→ TASK TO COMPLETE
What lines in the data hold the string "that"? Show them.

Collected data entries:
(* For every $\varepsilon>0$ there exists $d_0$ such that for every integer $d\ge d_0$ and every triangle-free graph $G$ on $n$ vertices with maximum degree $d$, \[ |\mathcal I(G)| \;\ge\; \exp\!\left[\left(\tfrac12-\varepsilon\right)\frac{\log^2 d}{d}\,n\right]. \]
   Context: $\mathcal I(G)$ denotes the set of all independent sets of $G$ (including the empty set). Logarithms are natural. *)

theory Defs
  imports "HOL-Analysis.Analysis"
begin

definition simple_graph :: "'a set \<Rightarrow> ('a \<Rightarrow> 'a \<Rightarrow> bool) \<Rightarrow> bool" where
  "simple_graph V E \<longleftrightarrow> finite V \<and> (\<forall>u v. E u v \<longrightarrow> E v u)
     \<and> (\<forall>v. \<not> E v v) \<and> (\<forall>u v. E u v \<longrightarrow> u \<in> V \<and> v \<in> V)"

definition neighbours :: "'a set \<Rightarrow> ('a \<Rightarrow> 'a \<Rightarrow> bool) \<Rightarrow> 'a \<Rightarrow> 'a set" where
  "neighbours V E v = {u \<in> V. E v u}"

definition degree :: "'a set \<Rightarrow> ('a \<Rightarrow> 'a \<Rightarrow> bool) \<Rightarrow> 'a \<Rightarrow> nat" where
  "degree V E v = card (neighbours V E v)"

text \<open>Maximum degree (defined for a nonempty vertex set).\<close>
definition max_degree :: "'a set \<Rightarrow> ('a \<Rightarrow> 'a \<Rightarrow> bool) \<Rightarrow> nat" where
  "max_degree V E = Max (degree V E ` V)"

definition triangle_free :: "'a set \<Rightarrow> ('a \<Rightarrow> 'a \<Rightarrow> bool) \<Rightarrow> bool" where
  "triangle_free V E \<longleftrightarrow> \<not> (\<exists>x\<in>V. \<exists>y\<in>V. \<exists>z\<in>V. E x y \<and> E y z \<and> E x z)"

definition independent_set :: "'a set \<Rightarrow> ('a \<Rightarrow> 'a \<Rightarrow> bool) \<Rightarrow> 'a set \<Rightarrow> bool" where
  "independent_set V E S \<longleftrightarrow> S \<subseteq> V \<and> (\<forall>x\<in>S. \<forall>y\<in>S. \<not> E x y)"

definition independent_sets :: "'a set \<Rightarrow> ('a \<Rightarrow> 'a \<Rightarrow> bool) \<Rightarrow> 'a set set" where
  "independent_sets V E = {S. independent_set V E S}"

end

theory Submission
  imports Defs "HOL-Real_Asymp.Real_Asymp"
begin

text \<open>
  Let \<open>Z(l)\<close> be the independence polynomial of \<open>G\<close> and \<open>S(l) = l Z'(l)\<close>, so that \<open>S(l) / (n Z(l))\<close>
  is the expected density of the hard-core model at fugacity \<open>l\<close>. Fix a vertex \<open>v\<close> and the
  configuration outside its closed neighbourhood. Since \<open>G\<close> is triangle-free, the configuration
  inside is \<open>{v}\<close> or an arbitrary subset of the \<open>y\<close> neighbours of \<open>v\<close> that have no occupied
  neighbour, so a suitable convex combination of \<open>Pr[v \<in> I]\<close> and \<open>E |I \<inter> N(v)| / d\<close> is at least some
  \<open>c\<close> uniformly in \<open>y\<close>. Averaging over \<open>v\<close> gives \<open>S(l) \<ge> c n Z(l)\<close>, and convexity of \<open>exp\<close> turns
  this into \<open>Z(e l) \<ge> exp (c n) Z(l)\<close>. Along the fugacities \<open>l_k = M exp k / d\<close> with
  \<open>M = ln d / \<epsilon>\<close> the admissible \<open>c_k\<close> grow linearly in \<open>k\<close>; stopping at \<open>K \<approx> ln d\<close>, where
  \<open>l_K \<le> \<epsilon>\<close> and hence \<open>Z(l_K)\<close> is at most the number of independent sets, the sum of the \<open>c_k\<close>
  is \<open>(1/2 - o(1)) ln\<^sup>2 d / d\<close>.
\<close>

lemma sum_Pow_power_card:
  fixes l :: "'a::comm_semiring_1"
  assumes "finite U"
  shows "(\<Sum>T\<in>Pow U. l ^ card T) = (1 + l) ^ card U"
  using prod_add[OF assms, of "\<lambda>_. l" "\<lambda>_. 1"] by (simp add: add.commute)

lemma sum_Pow_insert:
  assumes "finite A" "a \<notin> A"
  shows "(\<Sum>T\<in>Pow (insert a A). f T) = (\<Sum>T\<in>Pow A. f T + f (insert a T))"
proof -
  have "inj_on (insert a) (Pow A)"
    using assms(2) by (intro inj_onI) (metis PowD insert_ident subsetD)
  moreover have "Pow A \<inter> insert a ` Pow A = {}"
    using assms(2) by auto
  ultimately show ?thesis
    unfolding Pow_insert using assms(1)
    by (simp add: sum.union_disjoint sum.reindex sum.distrib)
qed

lemma sum_Pow_card_power_card:
  fixes l :: "'a::comm_semiring_1" and U :: "'b set"
  assumes "finite U"
  shows "(1 + l) * (\<Sum>T\<in>Pow U. of_nat (card T) * l ^ card T)
           = of_nat (card U) * l * (1 + l) ^ card U"
  using assms
proof (induction U rule: finite_induct)
  case (insert a A)
  define S where "S B = (\<Sum>T\<in>Pow B. of_nat (card T) * l ^ card T)" for B :: "'b set"
  have "card (insert a T) = Suc (card T)" if "T \<in> Pow A" for T
  proof -
    from that insert.hyps have "finite T" "a \<notin> T"
      by (auto dest: finite_subset)
    then show ?thesis by simp
  qed
  then have "S (insert a A)
        = (\<Sum>T\<in>Pow A. (1 + l) * (of_nat (card T) * l ^ card T) + l * l ^ card T)"
    unfolding S_def using insert.hyps by (simp add: sum_Pow_insert algebra_simps)
  also have "\<dots> = (1 + l) * S A + l * (1 + l) ^ card A"
    unfolding S_def using insert.hyps
    by (simp only: sum.distrib sum_distrib_left[symmetric] sum_Pow_power_card)
  finally show ?case
    using insert unfolding S_def by (simp add: algebra_simps)
qed simp

text \<open>If \<open>y\<close> neighbours of a vertex have no neighbour in the configuration outside its closed
  neighbourhood, the hard-core model at fugacity \<open>l\<close> occupies the vertex with probability
  \<open>l / (l + (1+l)^y)\<close> and has on average \<open>y l (1+l)^(y-1) / (l + (1+l)^y)\<close> occupied
  neighbours. The condition says that \<open>th\<close> times the former plus \<open>(1-th)/d\<close> times the latter
  is at least \<open>c\<close>, whatever \<open>y\<close>.\<close>
definition occupancy_condition :: "real \<Rightarrow> real \<Rightarrow> real \<Rightarrow> real \<Rightarrow> bool" where
  "occupancy_condition d th l c \<longleftrightarrow>
     (\<forall>y::nat. c * (l + (1 + l) ^ y) * (1 + l) \<le> th * l * (1 + l) + (1 - th) * y * l * (1 + l) ^ y / d)"

lemma occupancy_conditionI:
  fixes l th c M d :: real
  assumes l: "l > 0" and th: "0 \<le> th" "th \<le> 1" and c: "c \<ge> 0" and M: "M > 0" and d: "d > 0"
    and c_vertex: "c \<le> th * M / (M + d)"
    and c_nbhd: "c * (1 + l) * (d + M) \<le> (1 - th) * ln (l * d / M)"
  shows "occupancy_condition d th l c"
  unfolding occupancy_condition_def
proof
  fix y :: nat
  define X where "X = (1 + l) ^ y"
  define T where "T = l * d / M"
  have X: "X > 0" unfolding X_def using l by simp
  have T: "T > 0" unfolding T_def using l d M by simp
  have nbhd_nonneg: "(1 - th) * y * l * X / d \<ge> 0" using th l X d by simp
  \<comment> \<open>With few uncovered neighbours the vertex term pays for \<open>c\<close>, with many the neighbour term.\<close>
  have "c * (l + X) * (1 + l) \<le> th * l * (1 + l) + (1 - th) * y * l * X / d"
  proof (cases "X \<le> T")
    case True
    have "c * (l + X) * (1 + l) \<le> c * (l + T) * (1 + l)"
      using True c l by (intro mult_right_mono mult_left_mono) auto
    also have "\<dots> = (c * (M + d) / M) * (l * (1 + l))"
      unfolding T_def using M by (simp add: field_simps)
    also have "\<dots> \<le> th * (l * (1 + l))"
      using c_vertex M d l by (intro mult_right_mono) (simp_all add: field_simps)
    finally show ?thesis using nbhd_nonneg by (simp add: mult.assoc)
  next
    case False
    have "ln X \<le> y * l"
      unfolding X_def using l ln_add_one_self_le_self[of l]
      by (simp add: ln_realpow mult_left_mono)
    moreover have "ln T < ln X" using False T by simp
    ultimately have lnT: "ln T \<le> y * l" by simp
    have "(l + X) / (d + M) \<le> X / d"
      using False M d unfolding T_def by (simp add: field_simps)
    have "c * (l + X) * (1 + l) = (c * (1 + l) * (d + M)) * ((l + X) / (d + M))"
      using d M by (simp add: field_simps)
    also have "\<dots> \<le> ((1 - th) * ln T) * ((l + X) / (d + M))"
      using c_nbhd l X d M unfolding T_def by (intro mult_right_mono) auto
    also have "\<dots> \<le> ((1 - th) * (y * l)) * (X / d)"
      using lnT th l X d M \<open>(l + X) / (d + M) \<le> X / d\<close>
      by (intro mult_mono mult_left_mono) auto
    finally have "c * (l + X) * (1 + l) \<le> (1 - th) * y * l * X / d"
      by simp
    moreover have "0 \<le> th * l * (1 + l)" using th l by simp
    ultimately show ?thesis by linarith
  qed
  then show "c * (l + (1 + l) ^ y) * (1 + l) \<le> th * l * (1 + l) + (1 - th) * y * l * (1 + l) ^ y / d"
    by (simp add: X_def)
qed

lemma occupancy_condition_sum_Pow:
  assumes U: "finite U" and l: "l > 0" and cond: "occupancy_condition d th l c"
  shows "0 \<le> l * (th - c) + (\<Sum>T\<in>Pow U. l ^ card T * ((1 - th) / d * card T - c))"
proof -
  define w where "w = (1 - th) / d"
  define P0 where "P0 = (\<Sum>T\<in>Pow U. l ^ card T)"
  define P1 where "P1 = (\<Sum>T\<in>Pow U. real (card T) * l ^ card T)"
  have P0: "P0 = (1 + l) ^ card U" and P1: "(1 + l) * P1 = card U * l * (1 + l) ^ card U"
    unfolding P0_def P1_def using sum_Pow_power_card sum_Pow_card_power_card U by blast+
  have sum_eq: "(\<Sum>T\<in>Pow U. l ^ card T * (w * card T - c)) = w * P1 - c * P0"
    unfolding P0_def P1_def sum_distrib_left sum_subtractf[symmetric]
    by (rule sum.cong) (simp_all add: algebra_simps)
  have "(1 + l) * (l * (th - c) + (w * P1 - c * P0))
        = th * l * (1 + l) + w * ((1 + l) * P1) - c * (l + P0) * (1 + l)"
    by (simp add: algebra_simps)
  also have "\<dots> \<ge> 0"
    using cond unfolding occupancy_condition_def P0 P1 w_def
    by (simp add: diff_ge_0_iff_ge mult.assoc)
  finally have "0 \<le> l * (th - c) + (w * P1 - c * P0)"
    using l by (simp add: zero_le_mult_iff add_pos_pos)
  then show ?thesis
    using sum_eq unfolding w_def by simp
qed

lemma log_cutoff:
  fixes e x :: real
  defines "L \<equiv> ln x + 2 * ln e - ln (ln x)"
  assumes e: "0 < e" "e < 1" and x: "exp 1 \<le> x"
  shows "L \<le> ln x" and "ln x / e * exp L / x = e"
proof -
  have "x > 1" "ln x \<ge> 1"
    using x exp_gt_one[of 1] ln_ge_iff[of x 1] by linarith+
  then have "x > 0"
    by simp
  have "ln e < 0" "ln (ln x) \<ge> 0"
    using e \<open>ln x \<ge> 1\<close> by simp_all
  then show "L \<le> ln x"
    unfolding L_def by linarith
  have "L = ln (x * e\<^sup>2 / ln x)"
    unfolding L_def using \<open>x > 1\<close> e by (simp add: ln_div ln_mult ln_realpow)
  moreover have "x * e\<^sup>2 / ln x > 0"
    using \<open>x > 1\<close> e by (intro divide_pos_pos mult_pos_pos) auto
  ultimately have "exp L = x * e\<^sup>2 / ln x"
    by simp
  moreover have "ln x \<noteq> 0"
    using \<open>ln x \<ge> 1\<close> by simp
  ultimately show "ln x / e * exp L / x = e"
    using \<open>x > 0\<close> e by (simp add: field_simps power2_eq_square)
qed

locale sgraph =
  fixes V :: "'a set" and E :: "'a \<Rightarrow> 'a \<Rightarrow> bool"
  assumes simple: "simple_graph V E"
begin

lemma finite_V: "finite V"
  and edge_sym: "E u v \<Longrightarrow> E v u"
  and edge_irrefl: "\<not> E v v"
  and edge_in_V: "E u v \<Longrightarrow> u \<in> V \<and> v \<in> V"
  using simple unfolding simple_graph_def by blast+

lemma finite_neighbours: "finite (neighbours V E v)"
  using finite_V unfolding neighbours_def by simp

lemma independent_sets_subset_vertices: "I \<in> independent_sets V E \<Longrightarrow> I \<subseteq> V"
  unfolding independent_sets_def independent_set_def by simp

lemma independent_sets_downward_closed: "I \<in> independent_sets V E \<Longrightarrow> J \<subseteq> I \<Longrightarrow> J \<in> independent_sets V E"
  unfolding independent_sets_def independent_set_def by blast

→ RESULT FOR THIS TASK
(* For every $\varepsilon>0$ there exists $d_0$ such that for every integer $d\ge d_0$ and every triangle-free graph $G$ on $n$ vertices with maximum degree $d$, \[ |\mathcal I(G)| \;\ge\; \exp\!\left[\left(\tfrac12-\varepsilon\right)\frac{\log^2 d}{d}\,n\right]. \]
  Let \<open>Z(l)\<close> be the independence polynomial of \<open>G\<close> and \<open>S(l) = l Z'(l)\<close>, so that \<open>S(l) / (n Z(l))\<close>
  inside is \<open>{v}\<close> or an arbitrary subset of the \<open>y\<close> neighbours of \<open>v\<close> that have no occupied
    from that insert.hyps have "finite T" "a \<notin> T"
  neighbours. The condition says that \<open>th\<close> times the former plus \<open>(1-th)/d\<close> times the latter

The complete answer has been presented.